Let $X_n,n\in\mathbb{N}$ be i.i.d. zero-mean random variables in some separable Hilbert space with $E\|X_n\|^8<\infty$ and $Y_n=\frac{1}{n}\sum_{i=1}^nX_n$. I need to find bounds on $E\|Y_n\|^4$. The CLT tells me that $Y_n = O_p(n^{-1/2})$. Can I say something about $E\|Y_n\|^4$ ?
As I understand, $\|\sqrt{n}Y_n\|^4\xrightarrow{d}\|G\|^4$, where $G$ is some Gaussian process, so that $\|Y_n\|^4 = O_p(n^{-2})$, but I don't see how do deal with expected value of something bounded in probability.

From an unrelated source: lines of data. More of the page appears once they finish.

lemma closed_gpath_set_graph: "closed {(x, y). y \<in> gpath_set vs (x::'a::euclidean_space)}"
proof -
  have "{(x, y). y \<in> gpath_set vs x} =
      UNIV \<times> \<Union>{closed_segment (vs ! i) (vs ! Suc i) | i. Suc i < length vs} \<union>
      {z. dist (last vs) (fst z) = dist (last vs) (snd z) + dist (snd z) (fst z)}"
    \<comment> \<open>the last piece is snd z \<in> closed_segment (last vs) (fst z), rewritten to be visibly closed\<close>
    unfolding gpath_set_def using between[of "last vs"] unfolding between_def
    by (auto simp: mem_Times_iff)
  then show ?thesis
    by (simp only:) (intro closed_Un closed_Times closed_UNIV closed_path_segments
        closed_Collect_eq continuous_intros)
qed

lemma is_shortest_borel:
  assumes "wf_graph V E" "z0 \<in> V"
  shows "{x. is_shortest E z0 vs x} \<in> sets borel"
proof -
  have eq: "{x. is_shortest E z0 vs x} = {x. gpath E z0 vs x} \<inter>
     (\<Inter>ws\<in>simple_node_lists V. - {x. gpath E z0 ws x} \<union> {x. gpath_len vs x \<le> gpath_len ws x})"
    unfolding is_shortest_def using gpath_in_simple_node_lists[OF assms] by blast
  have "[] \<in> simple_node_lists V"
    by (simp add: simple_node_lists_def)
  then show ?thesis unfolding eq
    by (intro sets.Int sets.finite_INT sets.Un borel_comp borel_closed
        finite_simple_node_lists[OF wf_graph_finite[OF assms(1)]]
        closed_gpath_endpoints[OF assms(1)] closed_gpath_len_le) auto
qed

definition spath_pairs :: "'a::euclidean_space set \<Rightarrow> 'a set set \<Rightarrow> 'a \<Rightarrow> ('a \<times> 'a) set" where
  "spath_pairs V E z0 = {(x, y). x \<in> graph_points V E \<and> y \<in> spath E z0 x}"

lemma spath_pairs_eq_UN:
  assumes "wf_graph V E" "z0 \<in> V" "unique_shortest_paths V E z0"
  shows "spath_pairs V E z0 = (\<Union>vs\<in>simple_node_lists V.
      ({x. is_shortest E z0 vs x} \<times> UNIV) \<inter> {(x, y). y \<in> gpath_set vs x})"
proof safe
  fix x y assume "(x, y) \<in> spath_pairs V E z0"
  then have x: "x \<in> graph_points V E" and y: "y \<in> spath E z0 x"
    unfolding spath_pairs_def by auto
  obtain vs where vs: "is_shortest E z0 vs x" using is_shortest_exists[OF assms(1,2) x] ..
  then have "vs \<in> simple_node_lists V"
    using gpath_in_simple_node_lists[OF assms(1,2)] by (auto simp: is_shortest_def)
  moreover have "y \<in> gpath_set vs x" using y spath_eq_gpath_set[OF assms(3) x vs] by simp
  ultimately show "(x, y) \<in> (\<Union>vs\<in>simple_node_lists V.
      ({x. is_shortest E z0 vs x} \<times> UNIV) \<inter> {(x, y). y \<in> gpath_set vs x})"
    using vs by blast
next
  fix vs x y
  assume vs: "is_shortest E z0 vs x" and y: "y \<in> gpath_set vs x"
  have x: "x \<in> graph_points V E"
    using gpath_endpoint_in_graph[OF assms(1,2)] vs by (auto simp: is_shortest_def)
  then show "(x, y) \<in> spath_pairs V E z0"
    using y spath_eq_gpath_set[OF assms(3) x vs] unfolding spath_pairs_def by simp
qed

lemma spath_pairs_borel:
  assumes "wf_graph V E" "z0 \<in> V" "unique_shortest_paths V E z0"
  shows "spath_pairs V E z0 \<in> sets borel"
  unfolding spath_pairs_eq_UN[OF assms]
proof (intro sets.finite_UN sets.Int)
  show "finite (simple_node_lists V)"
    by (rule finite_simple_node_lists[OF wf_graph_finite[OF assms(1)]])
  fix vs
  have "{x. is_shortest E z0 vs x} \<times> (UNIV :: 'a set) \<in> sets (borel \<Otimes>\<^sub>M borel)"
    using is_shortest_borel[OF assms(1,2)] by (intro pair_measureI) auto
  then show "{x. is_shortest E z0 vs x} \<times> (UNIV :: 'a set) \<in> sets borel"
    by (metis borel_prod)
  show "{(x, y). y \<in> gpath_set vs x} \<in> sets borel"
    by (rule borel_closed[OF closed_gpath_set_graph])
qed

lemma spath_subset_graph_points:
  assumes "wf_graph V E" "z0 \<in> V" "unique_shortest_paths V E z0" "x \<in> graph_points V E"
  shows "spath E z0 x \<subseteq> graph_points V E"
proof -
  obtain vs where vs: "is_shortest E z0 vs x" using is_shortest_exists[OF assms(1,2,4)] ..
  then show ?thesis
    using gpath_set_subset_graph_points[OF assms(1,2)] spath_eq_gpath_set[OF assms(3,4)]
    by (auto simp: is_shortest_def)
qed

lemma spath_borel:
  assumes "wf_graph V E" "z0 \<in> V" "unique_shortest_paths V E z0" "x \<in> graph_points V E"
  shows "spath E z0 x \<in> sets borel"
proof -
  obtain vs where vs: "is_shortest E z0 vs x" using is_shortest_exists[OF assms(1,2,4)] ..
  then show ?thesis
    using spath_eq_gpath_set[OF assms(3,4)] by (simp add: borel_closed closed_gpath_set)
qed

lemma le_one_plus_powr:
  fixes t p :: real
  assumes "0 \<le> t" "1 \<le> p"
  shows "t \<le> 1 + t powr p"
proof (cases "t \<le> 1")
  case False
  then have "t powr 1 \<le> t powr p" using assms by (intro powr_mono) auto
  then show ?thesis using False by simp
qed (simp add: add_increasing2)

lemma powr_diff_one_mult_self:
  fixes x p :: real
  assumes "0 \<le> x"
  shows "x powr (p - 1) * x = x powr p"
  using powr_add[of x "p - 1" 1] assms by (cases "x = 0") auto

Update: I did the following computations $$\begin{aligned} E\|Y_n\|^4 & = \frac{1}{n^4}E\left(\sum_{i=1}^n\sum_{j=1}^n\langle X_i,X_j\rangle\right)^2 \\ & = \frac{1}{n^4}\sum_{i=1}^n\sum_{j=1}^n\sum_{k=1}^n\sum_{l=1}^nE[\langle X_i,X_j\rangle\langle X_k,X_l\rangle] \end{aligned}$$ but then it is a dissaster, to consider all cases for indices... For example, if $i\ne j\ne k\ne l$, $E[\langle X_i,X_j\rangle\langle X_k,X_l\rangle] = E[\langle X_i,X_j\rangle]E[\langle X_k,X_l\rangle]=0$ due to independence. Is there an elegant way to tackle it?
We have
$$\mathbb{E}(\|Y_n\|^4) = \frac{1}{n^4} \sum_{j,k,l,m=1}^n \mathbb{E}(\langle X_j, X_k \rangle \langle X_l, X_m \rangle).$$
It follows from the independence of the random variables and the fact that $X_n$ has mean zero (i.e. $\mathbb{E}(\langle X_n,x \rangle)=0$ for all $x \in H$) that
$$\mathbb{E}(\langle X_j, X_k \rangle \langle X_l, X_m \rangle) \leq \begin{cases} \mathbb{E}(\|X_1\|^4) & j=k=l=m \\ \mathbb{E}(\|X_1\|^2)^2 & (j=k \neq l=m) \, \text{or} \, (j=l \neq k=m) \, \text{or} \, (j=m \neq k=l) \\ 0 & \text{otherwise}. \end{cases}$$
Consequently,
$$\mathbb{E}(\|Y_n\|^4) \leq \frac{1}{n^4} \sum_{j=1}^n \mathbb{E}(\|X_1\|^4) + \frac{3 \mathbb{E}(\|X_1\|^2)^2}{n^4} \sum_{j=1}^n (n-1) = O(n^{-2}).$$